When I first posted this question on Twitter, I got a deluge of disclaimer-y responses from women: “A peck on the cheek is OK, but if mouths and saliva are involved, it’s dodgy.” “If you wouldn’t do it with Grandma, then yes.”

So that’s good news, right? If you plant one on Great Aunt Rena at the next family bar mitzvah, your girlfriend won’t key your car? (Granted, the fact that its okayness had to be stated somewhat implies that if you kiss a Megan Fox lookalike at an afterparty, murder/suicide is on the table.) The gendered responses I got are backed up by a poll by YouGov, which found that while 60 percent of men feel that kissing someone other than your partner is okay, only 34 percent of women agree.

That’s not to say we all don’t fuck up occasionally. Liz, 26, had been married for three years when she, her husband, and some friends drank their way through nine innings of a major-league baseball game. They hit some bars afterward, and Liz—whose husband doesn’t dance—ended up dancing with a girlfriend. “I woke up with hazy recollections of dancing with and kissing a guy, my friend pulling me away to the bathroom, and also puking on the side of the road on the way home.”

But there’s some necessary context, says Liz: “This incident came a couple of weeks after my husband confessed to sleeping with a mutual friend before we were married, [and] I think a petty and also very drunk part of me thought it was okay because it made us even.” Still: “[If I were sober] I would never have made the choice to hurt him like that.” They worked it out. But if it had been more than kissing, Liz said, they would have needed external help to move on, like a counselor.

This is understandable, considering even the word adultery signifies way more grown-up activities than kissing.

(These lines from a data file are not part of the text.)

lemma two_pow_mul_pred_pow_less:
  assumes "1 \<le> (c::nat)" "p = c * (X + 1)"
  shows "2 ^ (X * p) * (c - 1) ^ (p * p) < c ^ (p * p)"
proof -
  have pp: "p * p = c * ((X + 1) * p)" using assms(2) by (simp add: algebra_simps)
  have "(2 * (c - 1) ^ c) ^ ((X + 1) * p) \<le> (c ^ c) ^ ((X + 1) * p)"
    using two_mul_pred_pow_le_pow[OF assms(1)] by (rule power_mono) simp
  then have le: "2 ^ ((X + 1) * p) * (c - 1) ^ (p * p) \<le> c ^ (p * p)"
    unfolding pp by (simp add: power_mult power_mult_distrib)
  have lt: "(2::nat) ^ (X * p) < 2 ^ ((X + 1) * p)"
    using assms by simp
  show ?thesis
  proof (cases "(c - 1) ^ (p * p) = 0")
    case True
    then show ?thesis using assms(1) by simp
  next
    case False
    then have "2 ^ (X * p) * (c - 1) ^ (p * p) < 2 ^ ((X + 1) * p) * (c - 1) ^ (p * p)"
      using lt by simp
    with le show ?thesis by linarith
  qed
qed

lemma disjoint_family_on_subset:
  assumes "disjoint_family_on F A" "\<And>i. i \<in> A \<Longrightarrow> F' i \<subseteq> F i"
  shows "disjoint_family_on F' A"
  using assms unfolding disjoint_family_on_def by blast

lemma disjoint_family_on_Times:
  assumes "disjoint_family_on F A" "disjoint_family_on G B"
  shows "disjoint_family_on (\<lambda>i. F (fst i) \<times> G (snd i)) (A \<times> B)"
  using assms unfolding disjoint_family_on_def by fastforce

section \<open>A bipartite tournament forcing a cross pattern\<close>

definition pattern_rel :: "(nat \<Rightarrow> nat \<Rightarrow> bool) \<Rightarrow> 'a list \<Rightarrow> 'b list \<Rightarrow> ('a \<times> 'b) set" where
  "pattern_rel h xs ys = {(xs ! i, ys ! k) | i k. i < length xs \<and> k < length ys \<and> h i k}"

lemma pattern_rel_subset: "pattern_rel h xs ys \<subseteq> set xs \<times> set ys"
  unfolding pattern_rel_def by auto

lemma nth_mem_pattern_rel_iff:
  assumes "distinct xs" "distinct ys" "i < length xs" "k < length ys"
  shows "(xs ! i, ys ! k) \<in> pattern_rel h xs ys \<longleftrightarrow> h i k"
  using assms unfolding pattern_rel_def by (auto simp: nth_eq_iff_index_eq)

definition chains_in :: "'a set \<Rightarrow> nat \<Rightarrow> 'a list set" where
  "chains_in B k = {xs. distinct xs \<and> set xs \<subseteq> B \<and> length xs = k}"

lemma finite_chains_in: "finite B \<Longrightarrow> finite (chains_in B k)"
  unfolding chains_in_def
  by (rule finite_subset[OF _ finite_lists_length_eq[of B k]]) auto

lemma card_chains_in_le: "finite B \<Longrightarrow> card (chains_in B k) \<le> card B ^ k"
  unfolding chains_in_def
  using card_mono[OF finite_lists_length_eq[of B k], of "{xs. distinct xs \<and> set xs \<subseteq> B \<and> length xs = k}"]
  by (auto simp: card_lists_length_eq)

lemma card_PiE_chains_in_le:
  assumes "finite G" "\<And>g. g \<in> G \<Longrightarrow> finite (B g) \<and> card (B g) \<le> n"
  shows "card (\<Pi>\<^sub>E g\<in>G. chains_in (B g) k) \<le> n ^ (k * card G)"
proof -
  have "card (\<Pi>\<^sub>E g\<in>G. chains_in (B g) k) \<le> (\<Prod>g\<in>G. n ^ k)"
    unfolding card_PiE[OF assms(1)] using assms(2)
    by (intro prod_mono) (auto intro: order_trans[OF card_chains_in_le] power_mono)
  then show ?thesis by (simp add: power_mult)
qed

lemma chain_products_in_blocks:
  assumes cx: "cx \<in> (\<Pi>\<^sub>E g\<in>G. chains_in (BM g) a)" and cy: "cy \<in> (\<Pi>\<^sub>E j\<in>J. chains_in (BN j) b)"
  shows "disjoint_family_on BM G \<Longrightarrow> disjoint_family_on BN J \<Longrightarrow>
      disjoint_family_on (\<lambda>i. set (cx (fst i)) \<times> set (cy (snd i))) (G \<times> J)"
    and "i \<in> G \<times> J \<Longrightarrow> set (cx (fst i)) \<times> set (cy (snd i)) \<subseteq> BM (fst i) \<times> BN (snd i)"
    and "i \<in> G \<times> J \<Longrightarrow> card (set (cx (fst i)) \<times> set (cy (snd i))) = a * b"
proof -
  have x: "distinct (cx g) \<and> set (cx g) \<subseteq> BM g \<and> length (cx g) = a" if "g \<in> G" for g
    using PiE_mem[OF cx that] unfolding chains_in_def by simp
  have y: "distinct (cy j) \<and> set (cy j) \<subseteq> BN j \<and> length (cy j) = b" if "j \<in> J" for j
    using PiE_mem[OF cy that] unfolding chains_in_def by simp
  show "disjoint_family_on (\<lambda>i. set (cx (fst i)) \<times> set (cy (snd i))) (G \<times> J)"
    if "disjoint_family_on BM G" "disjoint_family_on BN J"
  proof (rule disjoint_family_on_Times)
    show "disjoint_family_on (\<lambda>g. set (cx g)) G"
      by (rule disjoint_family_on_subset[OF that(1)]) (use x in blast)
    show "disjoint_family_on (\<lambda>j. set (cy j)) J"
      by (rule disjoint_family_on_subset[OF that(2)]) (use y in blast)
  qed
  show "set (cx (fst i)) \<times> set (cy (snd i)) \<subseteq> BM (fst i) \<times> BN (snd i)" if "i \<in> G \<times> J"
    using x[of "fst i"] y[of "snd i"] that by auto
  show "card (set (cx (fst i)) \<times> set (cy (snd i))) = a * b" if "i \<in> G \<times> J"
    using x[of "fst i"] y[of "snd i"] that by (auto simp: card_cartesian_product distinct_card)
qed

lemma card_chain_choices_union_bound:
  assumes "p = 2 ^ (a * b) * (a * a + b * b + 1)"
    and "\<forall>g<p. finite (BM g) \<and> card (BM g) = 2 ^ a" "\<forall>j<p. finite (BN j) \<and> card (BN j) = 2 ^ b"
  shows "card ((\<Pi>\<^sub>E g\<in>{..<p}. chains_in (BM g) a) \<times> (\<Pi>\<^sub>E j\<in>{..<p}. chains_in (BN j) b))
      * (2 ^ (a * b) - 1) ^ (p * p) < 2 ^ (a * b * (p * p))"
proof -
  let ?\<Phi> = "(\<Pi>\<^sub>E g\<in>{..<p}. chains_in (BM g) a) \<times> (\<Pi>\<^sub>E j\<in>{..<p}. chains_in (BN j) b)"
  have "card ?\<Phi> \<le> (2 ^ a) ^ (a * card {..<p}) * (2 ^ b) ^ (b * card {..<p})"
    unfolding card_cartesian_product
    using assms(2,3) by (intro mult_le_mono card_PiE_chains_in_le) auto
  then have "card ?\<Phi> * (2 ^ (a * b) - 1) ^ (p * p) \<le> 2 ^ ((a * a + b * b) * p) * (2 ^ (a * b) - 1) ^ (p * p)"
    by (simp add: power_add add_mult_distrib mult.assoc flip: power_mult)
  also have "\<dots> < (2 ^ (a * b)) ^ (p * p)"
    by (rule two_pow_mul_pred_pow_less) (simp_all add: assms(1))
  finally show ?thesis by (simp add: power_mult)
qed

Like a husband getting a Pavlovian boner under the table whenever he hears the phrase “business trip to Tulsa,” or a Real Housewife lookalike and her personal trainer, for some married people, the rule seems to be that it’s not cheating if you don’t need a room at the Hyatt Regency to do it.

But for unmarried, monogamous couples in their twenties and thirties, it’s somewhat less clear. There are no financial or familial obstacles holding you together. You could marry or split up on any given day, and it would be a clean break, at least on paper.

“I think there should be a little room for honest whoopsies in relationships,” says Sam, 27, whose longtime girlfriend, Kelsey*, kissed their best guy friend. “She came to me two days later, very apologetic and open about the fact that they were drunk and that it didn’t mean much more than that. We talked, and it was fine and we moved on.”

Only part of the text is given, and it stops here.